WHAT THE TASK REQUIRES – In the entries below, the word "uadj" appears on some lines. Copy each of those lines.
>>>
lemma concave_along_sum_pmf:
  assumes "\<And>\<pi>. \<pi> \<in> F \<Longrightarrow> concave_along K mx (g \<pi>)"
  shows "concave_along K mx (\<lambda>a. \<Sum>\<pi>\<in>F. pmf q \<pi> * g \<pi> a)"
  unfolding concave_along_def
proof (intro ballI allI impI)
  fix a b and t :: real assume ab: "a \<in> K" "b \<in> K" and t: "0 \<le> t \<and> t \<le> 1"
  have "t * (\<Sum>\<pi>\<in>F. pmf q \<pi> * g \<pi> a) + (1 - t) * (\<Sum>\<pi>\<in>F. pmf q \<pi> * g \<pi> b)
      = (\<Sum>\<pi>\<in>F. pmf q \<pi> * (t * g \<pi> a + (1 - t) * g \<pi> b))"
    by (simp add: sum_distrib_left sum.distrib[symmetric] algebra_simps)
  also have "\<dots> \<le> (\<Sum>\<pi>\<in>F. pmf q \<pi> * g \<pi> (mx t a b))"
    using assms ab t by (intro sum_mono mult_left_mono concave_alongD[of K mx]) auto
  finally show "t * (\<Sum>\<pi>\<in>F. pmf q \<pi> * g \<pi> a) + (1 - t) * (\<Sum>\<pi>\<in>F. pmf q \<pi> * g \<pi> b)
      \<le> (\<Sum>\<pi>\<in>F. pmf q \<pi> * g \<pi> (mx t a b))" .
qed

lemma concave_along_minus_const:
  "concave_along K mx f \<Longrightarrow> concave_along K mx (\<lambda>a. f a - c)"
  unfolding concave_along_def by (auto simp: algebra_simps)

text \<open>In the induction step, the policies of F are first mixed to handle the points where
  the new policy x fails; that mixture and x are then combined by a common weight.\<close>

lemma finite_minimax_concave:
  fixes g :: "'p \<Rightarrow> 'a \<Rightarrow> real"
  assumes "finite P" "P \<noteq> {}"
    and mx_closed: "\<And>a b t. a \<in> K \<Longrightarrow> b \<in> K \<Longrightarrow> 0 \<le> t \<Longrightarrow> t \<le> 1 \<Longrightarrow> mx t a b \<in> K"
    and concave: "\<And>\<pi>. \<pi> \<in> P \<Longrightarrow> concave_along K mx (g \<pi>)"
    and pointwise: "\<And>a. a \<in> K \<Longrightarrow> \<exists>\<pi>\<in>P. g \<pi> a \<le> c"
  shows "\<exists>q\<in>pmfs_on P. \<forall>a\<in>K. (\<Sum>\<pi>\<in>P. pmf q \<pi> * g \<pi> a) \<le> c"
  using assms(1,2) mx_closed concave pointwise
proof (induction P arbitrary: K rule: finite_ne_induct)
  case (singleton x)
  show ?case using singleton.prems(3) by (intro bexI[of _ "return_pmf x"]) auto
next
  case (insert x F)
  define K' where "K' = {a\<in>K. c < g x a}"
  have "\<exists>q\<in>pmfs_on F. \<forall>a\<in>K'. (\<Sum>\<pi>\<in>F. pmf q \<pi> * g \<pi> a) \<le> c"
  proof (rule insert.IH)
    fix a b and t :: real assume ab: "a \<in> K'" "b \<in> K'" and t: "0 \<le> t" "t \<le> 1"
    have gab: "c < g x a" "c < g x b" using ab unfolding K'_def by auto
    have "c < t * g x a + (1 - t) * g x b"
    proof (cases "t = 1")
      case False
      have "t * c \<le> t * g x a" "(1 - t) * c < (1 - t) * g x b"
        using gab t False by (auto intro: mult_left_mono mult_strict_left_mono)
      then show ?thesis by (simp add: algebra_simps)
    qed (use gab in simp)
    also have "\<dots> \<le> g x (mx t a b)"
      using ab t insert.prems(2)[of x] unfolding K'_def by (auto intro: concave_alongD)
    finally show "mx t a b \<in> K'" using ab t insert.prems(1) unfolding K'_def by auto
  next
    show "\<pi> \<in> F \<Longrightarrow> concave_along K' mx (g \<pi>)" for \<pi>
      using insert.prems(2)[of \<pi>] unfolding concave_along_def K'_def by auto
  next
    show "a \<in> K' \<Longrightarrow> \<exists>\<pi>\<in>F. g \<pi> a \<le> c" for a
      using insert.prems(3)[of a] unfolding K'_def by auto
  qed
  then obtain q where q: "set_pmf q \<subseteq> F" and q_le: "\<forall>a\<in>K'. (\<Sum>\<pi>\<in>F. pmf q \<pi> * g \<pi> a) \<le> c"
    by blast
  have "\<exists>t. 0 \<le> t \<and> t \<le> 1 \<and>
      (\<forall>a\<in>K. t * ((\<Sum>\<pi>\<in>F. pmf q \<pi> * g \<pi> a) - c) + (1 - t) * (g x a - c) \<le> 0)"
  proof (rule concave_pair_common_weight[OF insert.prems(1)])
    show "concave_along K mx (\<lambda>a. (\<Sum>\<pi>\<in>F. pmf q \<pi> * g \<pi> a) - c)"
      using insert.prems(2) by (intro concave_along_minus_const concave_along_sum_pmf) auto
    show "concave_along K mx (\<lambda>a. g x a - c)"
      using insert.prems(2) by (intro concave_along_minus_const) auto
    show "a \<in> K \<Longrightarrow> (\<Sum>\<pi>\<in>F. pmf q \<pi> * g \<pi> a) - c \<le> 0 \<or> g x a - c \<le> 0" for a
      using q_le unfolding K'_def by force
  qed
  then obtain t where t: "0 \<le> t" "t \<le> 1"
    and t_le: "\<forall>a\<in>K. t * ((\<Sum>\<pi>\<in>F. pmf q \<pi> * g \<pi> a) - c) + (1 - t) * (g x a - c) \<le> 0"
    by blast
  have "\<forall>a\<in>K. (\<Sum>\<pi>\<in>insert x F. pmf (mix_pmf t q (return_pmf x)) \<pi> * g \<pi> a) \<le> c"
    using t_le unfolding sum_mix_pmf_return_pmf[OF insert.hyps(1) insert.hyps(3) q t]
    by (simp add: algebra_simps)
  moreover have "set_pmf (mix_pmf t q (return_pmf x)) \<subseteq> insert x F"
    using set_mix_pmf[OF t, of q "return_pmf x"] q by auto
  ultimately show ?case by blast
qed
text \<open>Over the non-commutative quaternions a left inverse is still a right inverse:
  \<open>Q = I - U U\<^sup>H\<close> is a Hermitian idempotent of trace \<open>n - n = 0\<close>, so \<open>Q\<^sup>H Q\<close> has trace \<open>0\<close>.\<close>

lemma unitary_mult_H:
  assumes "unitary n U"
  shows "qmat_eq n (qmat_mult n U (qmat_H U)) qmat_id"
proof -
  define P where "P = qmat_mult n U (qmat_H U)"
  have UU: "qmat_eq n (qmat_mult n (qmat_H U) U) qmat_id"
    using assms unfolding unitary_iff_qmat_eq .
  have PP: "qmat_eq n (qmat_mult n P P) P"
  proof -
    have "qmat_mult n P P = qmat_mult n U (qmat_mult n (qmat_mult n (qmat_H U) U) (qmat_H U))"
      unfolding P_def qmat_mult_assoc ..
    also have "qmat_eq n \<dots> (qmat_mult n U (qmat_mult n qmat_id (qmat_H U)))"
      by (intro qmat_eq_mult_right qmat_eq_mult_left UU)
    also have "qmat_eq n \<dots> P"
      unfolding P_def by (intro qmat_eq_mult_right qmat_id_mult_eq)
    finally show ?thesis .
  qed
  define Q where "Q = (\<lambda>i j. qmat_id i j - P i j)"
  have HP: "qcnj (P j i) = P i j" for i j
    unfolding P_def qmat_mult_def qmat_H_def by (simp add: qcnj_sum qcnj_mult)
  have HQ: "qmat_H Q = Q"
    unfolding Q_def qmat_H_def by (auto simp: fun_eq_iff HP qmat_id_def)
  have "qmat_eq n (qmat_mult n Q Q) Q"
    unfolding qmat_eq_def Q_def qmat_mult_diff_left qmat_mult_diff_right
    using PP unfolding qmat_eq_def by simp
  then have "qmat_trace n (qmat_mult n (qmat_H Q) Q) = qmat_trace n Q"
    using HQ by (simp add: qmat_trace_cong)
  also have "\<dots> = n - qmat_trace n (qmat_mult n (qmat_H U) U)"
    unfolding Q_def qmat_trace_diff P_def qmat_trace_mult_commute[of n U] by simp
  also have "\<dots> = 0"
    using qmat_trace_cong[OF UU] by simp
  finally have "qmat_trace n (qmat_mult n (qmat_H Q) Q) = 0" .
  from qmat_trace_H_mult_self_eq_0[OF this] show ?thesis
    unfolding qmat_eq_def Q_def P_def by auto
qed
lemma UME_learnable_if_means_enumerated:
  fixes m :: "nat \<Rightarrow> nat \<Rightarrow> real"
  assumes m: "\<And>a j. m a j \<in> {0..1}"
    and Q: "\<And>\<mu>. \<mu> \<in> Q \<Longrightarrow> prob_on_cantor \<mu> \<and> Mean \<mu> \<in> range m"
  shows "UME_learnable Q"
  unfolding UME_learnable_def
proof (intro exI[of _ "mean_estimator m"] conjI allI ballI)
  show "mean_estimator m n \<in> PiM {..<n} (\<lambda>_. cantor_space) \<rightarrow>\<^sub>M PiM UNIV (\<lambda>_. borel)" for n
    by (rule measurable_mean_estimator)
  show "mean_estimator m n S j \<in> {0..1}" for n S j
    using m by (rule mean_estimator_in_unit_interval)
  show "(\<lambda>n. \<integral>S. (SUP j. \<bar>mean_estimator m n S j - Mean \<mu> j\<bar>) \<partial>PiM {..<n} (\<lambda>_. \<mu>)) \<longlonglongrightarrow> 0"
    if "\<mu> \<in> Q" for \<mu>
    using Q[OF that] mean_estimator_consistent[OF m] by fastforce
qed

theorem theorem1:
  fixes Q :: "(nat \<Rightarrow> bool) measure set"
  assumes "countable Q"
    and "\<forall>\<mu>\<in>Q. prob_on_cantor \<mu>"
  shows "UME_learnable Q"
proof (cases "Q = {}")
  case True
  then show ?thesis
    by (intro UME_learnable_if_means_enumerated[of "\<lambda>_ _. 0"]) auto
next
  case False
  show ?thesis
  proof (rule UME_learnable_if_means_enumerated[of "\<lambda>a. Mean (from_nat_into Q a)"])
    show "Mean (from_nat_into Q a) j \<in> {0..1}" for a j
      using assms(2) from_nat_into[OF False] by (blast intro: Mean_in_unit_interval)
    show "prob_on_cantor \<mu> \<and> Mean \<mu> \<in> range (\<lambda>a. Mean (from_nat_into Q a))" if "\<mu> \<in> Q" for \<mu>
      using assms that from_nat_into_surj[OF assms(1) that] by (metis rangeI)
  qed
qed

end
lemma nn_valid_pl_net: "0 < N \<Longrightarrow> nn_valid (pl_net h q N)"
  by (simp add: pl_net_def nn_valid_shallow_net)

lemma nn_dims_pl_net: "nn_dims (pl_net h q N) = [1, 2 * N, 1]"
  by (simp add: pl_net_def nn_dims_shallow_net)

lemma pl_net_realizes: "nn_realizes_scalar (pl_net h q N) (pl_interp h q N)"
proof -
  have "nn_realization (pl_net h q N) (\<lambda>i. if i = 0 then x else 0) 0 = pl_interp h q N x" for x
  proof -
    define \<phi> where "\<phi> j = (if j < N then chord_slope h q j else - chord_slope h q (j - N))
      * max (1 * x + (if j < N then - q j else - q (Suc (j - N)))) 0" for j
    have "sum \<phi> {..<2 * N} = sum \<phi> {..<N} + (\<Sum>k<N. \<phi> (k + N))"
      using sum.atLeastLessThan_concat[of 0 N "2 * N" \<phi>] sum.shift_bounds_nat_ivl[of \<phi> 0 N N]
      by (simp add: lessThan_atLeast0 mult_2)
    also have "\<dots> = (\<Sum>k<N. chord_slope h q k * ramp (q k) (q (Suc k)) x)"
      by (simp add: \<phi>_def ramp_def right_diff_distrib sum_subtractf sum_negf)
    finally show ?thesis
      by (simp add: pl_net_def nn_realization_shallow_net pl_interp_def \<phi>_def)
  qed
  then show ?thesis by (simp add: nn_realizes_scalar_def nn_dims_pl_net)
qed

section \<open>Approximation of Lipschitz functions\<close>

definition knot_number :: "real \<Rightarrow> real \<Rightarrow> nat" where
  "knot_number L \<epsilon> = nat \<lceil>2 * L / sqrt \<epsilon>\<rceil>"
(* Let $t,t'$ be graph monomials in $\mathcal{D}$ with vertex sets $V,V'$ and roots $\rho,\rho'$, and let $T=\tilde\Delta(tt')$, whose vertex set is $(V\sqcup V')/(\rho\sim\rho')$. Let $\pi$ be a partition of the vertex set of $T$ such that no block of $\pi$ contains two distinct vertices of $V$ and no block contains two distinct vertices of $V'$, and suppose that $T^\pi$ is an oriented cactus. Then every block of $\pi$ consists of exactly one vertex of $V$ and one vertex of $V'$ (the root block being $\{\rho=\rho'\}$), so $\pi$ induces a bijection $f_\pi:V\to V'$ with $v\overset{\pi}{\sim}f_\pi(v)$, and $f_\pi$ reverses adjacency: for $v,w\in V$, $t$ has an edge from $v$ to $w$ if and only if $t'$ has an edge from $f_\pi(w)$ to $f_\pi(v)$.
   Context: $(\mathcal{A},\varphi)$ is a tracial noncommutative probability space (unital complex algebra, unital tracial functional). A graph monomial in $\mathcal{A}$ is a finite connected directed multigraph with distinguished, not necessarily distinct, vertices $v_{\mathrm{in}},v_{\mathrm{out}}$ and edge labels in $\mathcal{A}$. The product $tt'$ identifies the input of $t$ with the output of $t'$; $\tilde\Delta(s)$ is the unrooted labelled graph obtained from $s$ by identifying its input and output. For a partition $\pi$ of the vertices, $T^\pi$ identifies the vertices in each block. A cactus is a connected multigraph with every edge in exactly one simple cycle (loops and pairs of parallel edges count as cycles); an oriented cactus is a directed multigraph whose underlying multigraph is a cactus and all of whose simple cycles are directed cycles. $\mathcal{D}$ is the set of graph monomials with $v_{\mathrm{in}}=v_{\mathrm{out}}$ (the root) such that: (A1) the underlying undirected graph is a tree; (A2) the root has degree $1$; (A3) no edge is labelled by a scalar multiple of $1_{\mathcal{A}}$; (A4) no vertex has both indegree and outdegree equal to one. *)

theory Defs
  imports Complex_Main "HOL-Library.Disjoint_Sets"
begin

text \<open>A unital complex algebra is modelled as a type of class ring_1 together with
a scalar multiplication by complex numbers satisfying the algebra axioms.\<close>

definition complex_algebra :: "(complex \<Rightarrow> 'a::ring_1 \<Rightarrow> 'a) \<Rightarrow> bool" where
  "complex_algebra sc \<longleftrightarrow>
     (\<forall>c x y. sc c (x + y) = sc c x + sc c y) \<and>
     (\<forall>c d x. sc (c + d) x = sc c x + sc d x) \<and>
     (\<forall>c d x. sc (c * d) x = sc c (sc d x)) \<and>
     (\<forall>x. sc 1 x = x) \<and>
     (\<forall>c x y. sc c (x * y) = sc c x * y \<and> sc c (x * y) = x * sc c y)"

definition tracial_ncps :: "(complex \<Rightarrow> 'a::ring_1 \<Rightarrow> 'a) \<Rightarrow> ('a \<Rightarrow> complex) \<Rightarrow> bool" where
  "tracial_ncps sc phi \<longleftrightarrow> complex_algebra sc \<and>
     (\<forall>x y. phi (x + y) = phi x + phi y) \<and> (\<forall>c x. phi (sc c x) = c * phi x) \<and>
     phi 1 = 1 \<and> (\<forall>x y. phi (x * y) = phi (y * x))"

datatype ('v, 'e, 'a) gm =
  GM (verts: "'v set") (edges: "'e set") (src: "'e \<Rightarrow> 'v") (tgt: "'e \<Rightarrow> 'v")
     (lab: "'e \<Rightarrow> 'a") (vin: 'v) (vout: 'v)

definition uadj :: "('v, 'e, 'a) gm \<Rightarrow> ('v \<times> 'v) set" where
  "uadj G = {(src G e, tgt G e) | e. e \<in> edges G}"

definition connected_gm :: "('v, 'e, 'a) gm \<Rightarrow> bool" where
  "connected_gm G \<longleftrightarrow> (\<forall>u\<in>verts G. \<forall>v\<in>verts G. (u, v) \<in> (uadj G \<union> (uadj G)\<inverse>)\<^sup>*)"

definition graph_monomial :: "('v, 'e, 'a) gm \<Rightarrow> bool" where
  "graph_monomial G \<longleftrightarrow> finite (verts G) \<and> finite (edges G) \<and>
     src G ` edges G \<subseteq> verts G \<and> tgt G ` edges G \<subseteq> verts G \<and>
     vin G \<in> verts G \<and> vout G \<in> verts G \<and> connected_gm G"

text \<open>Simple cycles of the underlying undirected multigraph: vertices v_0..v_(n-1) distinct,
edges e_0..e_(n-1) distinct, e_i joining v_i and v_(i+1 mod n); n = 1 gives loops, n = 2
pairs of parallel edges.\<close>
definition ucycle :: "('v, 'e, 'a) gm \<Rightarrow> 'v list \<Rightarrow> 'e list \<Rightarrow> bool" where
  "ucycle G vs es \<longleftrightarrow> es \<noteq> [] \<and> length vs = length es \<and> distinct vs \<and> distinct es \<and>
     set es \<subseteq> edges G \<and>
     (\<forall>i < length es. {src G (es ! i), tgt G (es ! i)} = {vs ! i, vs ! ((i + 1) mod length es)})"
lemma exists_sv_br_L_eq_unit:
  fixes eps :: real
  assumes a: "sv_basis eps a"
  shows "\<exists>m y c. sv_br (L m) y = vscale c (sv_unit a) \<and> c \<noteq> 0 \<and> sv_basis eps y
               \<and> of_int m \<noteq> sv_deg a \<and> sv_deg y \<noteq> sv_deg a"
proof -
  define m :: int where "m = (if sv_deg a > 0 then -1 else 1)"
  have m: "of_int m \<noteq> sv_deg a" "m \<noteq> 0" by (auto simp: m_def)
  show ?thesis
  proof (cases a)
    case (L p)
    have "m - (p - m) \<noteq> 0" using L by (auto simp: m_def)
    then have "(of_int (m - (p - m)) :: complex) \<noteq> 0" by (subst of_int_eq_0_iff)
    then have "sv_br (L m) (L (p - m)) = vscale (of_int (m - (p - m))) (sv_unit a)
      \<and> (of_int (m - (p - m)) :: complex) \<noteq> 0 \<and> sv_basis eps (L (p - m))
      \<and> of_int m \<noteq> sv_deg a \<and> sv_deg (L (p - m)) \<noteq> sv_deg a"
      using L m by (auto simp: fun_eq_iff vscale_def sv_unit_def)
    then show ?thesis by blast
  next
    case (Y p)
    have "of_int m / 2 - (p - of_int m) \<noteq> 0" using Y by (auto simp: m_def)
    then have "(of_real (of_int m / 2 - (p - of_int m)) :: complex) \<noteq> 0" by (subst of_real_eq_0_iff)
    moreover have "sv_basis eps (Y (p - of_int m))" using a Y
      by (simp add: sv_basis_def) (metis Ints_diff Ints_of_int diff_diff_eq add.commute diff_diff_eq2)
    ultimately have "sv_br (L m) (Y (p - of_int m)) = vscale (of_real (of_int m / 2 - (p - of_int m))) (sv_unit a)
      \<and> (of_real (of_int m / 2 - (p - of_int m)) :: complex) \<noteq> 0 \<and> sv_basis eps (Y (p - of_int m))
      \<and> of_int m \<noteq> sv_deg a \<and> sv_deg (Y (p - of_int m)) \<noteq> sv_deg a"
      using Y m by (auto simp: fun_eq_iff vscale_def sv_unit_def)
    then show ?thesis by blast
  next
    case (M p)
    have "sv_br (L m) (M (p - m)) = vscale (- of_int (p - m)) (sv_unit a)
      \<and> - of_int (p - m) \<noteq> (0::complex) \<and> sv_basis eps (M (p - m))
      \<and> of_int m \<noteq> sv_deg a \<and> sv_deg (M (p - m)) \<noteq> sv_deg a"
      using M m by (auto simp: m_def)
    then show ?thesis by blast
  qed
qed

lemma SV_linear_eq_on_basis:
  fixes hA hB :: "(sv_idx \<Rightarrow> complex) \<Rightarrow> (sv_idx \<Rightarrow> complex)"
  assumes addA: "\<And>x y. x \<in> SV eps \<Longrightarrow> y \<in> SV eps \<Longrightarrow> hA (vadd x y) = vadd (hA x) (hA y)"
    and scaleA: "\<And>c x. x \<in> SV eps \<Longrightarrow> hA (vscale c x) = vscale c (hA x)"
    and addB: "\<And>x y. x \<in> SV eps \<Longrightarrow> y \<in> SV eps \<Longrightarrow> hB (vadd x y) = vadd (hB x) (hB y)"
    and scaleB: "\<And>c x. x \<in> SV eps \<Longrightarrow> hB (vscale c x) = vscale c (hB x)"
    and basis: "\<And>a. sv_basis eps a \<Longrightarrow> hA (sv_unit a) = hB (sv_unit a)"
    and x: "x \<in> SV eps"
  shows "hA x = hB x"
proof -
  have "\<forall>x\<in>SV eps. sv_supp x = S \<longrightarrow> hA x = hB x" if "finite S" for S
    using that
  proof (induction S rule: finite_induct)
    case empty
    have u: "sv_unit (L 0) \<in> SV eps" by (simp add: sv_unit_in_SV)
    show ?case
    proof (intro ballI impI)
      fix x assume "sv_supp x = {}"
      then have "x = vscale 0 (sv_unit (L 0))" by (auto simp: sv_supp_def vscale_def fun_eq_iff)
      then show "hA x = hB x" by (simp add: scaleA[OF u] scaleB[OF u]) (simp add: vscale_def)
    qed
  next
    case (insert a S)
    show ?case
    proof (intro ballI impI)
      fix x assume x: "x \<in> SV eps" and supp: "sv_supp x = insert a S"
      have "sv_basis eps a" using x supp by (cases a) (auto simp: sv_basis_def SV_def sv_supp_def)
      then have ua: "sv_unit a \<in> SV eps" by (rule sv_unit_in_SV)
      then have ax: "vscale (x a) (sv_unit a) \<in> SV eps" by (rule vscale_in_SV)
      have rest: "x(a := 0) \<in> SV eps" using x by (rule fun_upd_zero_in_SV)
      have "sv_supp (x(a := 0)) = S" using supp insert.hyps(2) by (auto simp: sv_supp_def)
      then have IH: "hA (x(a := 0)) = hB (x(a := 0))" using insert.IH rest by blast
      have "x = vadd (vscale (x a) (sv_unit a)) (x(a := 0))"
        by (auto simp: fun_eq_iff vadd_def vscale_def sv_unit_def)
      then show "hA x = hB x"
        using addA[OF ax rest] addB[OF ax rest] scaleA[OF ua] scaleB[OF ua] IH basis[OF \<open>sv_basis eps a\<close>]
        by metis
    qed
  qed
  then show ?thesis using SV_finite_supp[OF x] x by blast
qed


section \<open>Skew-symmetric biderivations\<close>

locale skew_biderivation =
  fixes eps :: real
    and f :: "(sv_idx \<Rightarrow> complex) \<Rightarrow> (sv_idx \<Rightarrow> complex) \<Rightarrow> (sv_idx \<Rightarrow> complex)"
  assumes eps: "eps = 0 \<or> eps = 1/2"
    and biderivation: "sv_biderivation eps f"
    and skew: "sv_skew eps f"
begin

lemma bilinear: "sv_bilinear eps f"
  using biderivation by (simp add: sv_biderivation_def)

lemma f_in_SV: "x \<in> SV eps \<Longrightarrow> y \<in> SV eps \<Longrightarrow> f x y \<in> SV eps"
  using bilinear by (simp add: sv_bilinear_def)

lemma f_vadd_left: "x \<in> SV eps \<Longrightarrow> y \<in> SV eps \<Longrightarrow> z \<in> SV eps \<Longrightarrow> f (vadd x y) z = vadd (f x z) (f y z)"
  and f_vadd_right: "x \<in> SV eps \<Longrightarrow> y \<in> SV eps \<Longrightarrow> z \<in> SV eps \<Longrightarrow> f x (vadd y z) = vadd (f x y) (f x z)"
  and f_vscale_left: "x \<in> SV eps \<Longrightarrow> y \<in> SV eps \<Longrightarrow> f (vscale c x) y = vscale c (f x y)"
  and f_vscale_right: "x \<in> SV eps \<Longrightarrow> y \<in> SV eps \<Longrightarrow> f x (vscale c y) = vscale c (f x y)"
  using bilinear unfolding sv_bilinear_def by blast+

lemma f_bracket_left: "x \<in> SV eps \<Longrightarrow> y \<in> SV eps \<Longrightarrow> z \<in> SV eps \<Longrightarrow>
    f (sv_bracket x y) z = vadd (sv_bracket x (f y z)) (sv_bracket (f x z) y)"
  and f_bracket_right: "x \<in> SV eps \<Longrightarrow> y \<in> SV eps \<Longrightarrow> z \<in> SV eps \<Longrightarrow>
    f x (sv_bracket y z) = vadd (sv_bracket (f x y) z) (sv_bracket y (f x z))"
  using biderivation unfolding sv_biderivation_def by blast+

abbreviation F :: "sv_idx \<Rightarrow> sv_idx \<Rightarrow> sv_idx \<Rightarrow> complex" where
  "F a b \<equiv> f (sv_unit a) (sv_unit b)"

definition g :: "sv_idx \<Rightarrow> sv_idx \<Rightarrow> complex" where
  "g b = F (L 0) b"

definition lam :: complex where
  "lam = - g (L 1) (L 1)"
<<<
RESPONSE BOX –
definition uadj :: "('v, 'e, 'a) gm \<Rightarrow> ('v \<times> 'v) set" where
  "uadj G = {(src G e, tgt G e) | e. e \<in> edges G}"
  "connected_gm G \<longleftrightarrow> (\<forall>u\<in>verts G. \<forall>v\<in>verts G. (u, v) \<in> (uadj G \<union> (uadj G)\<inverse>)\<^sup>*)"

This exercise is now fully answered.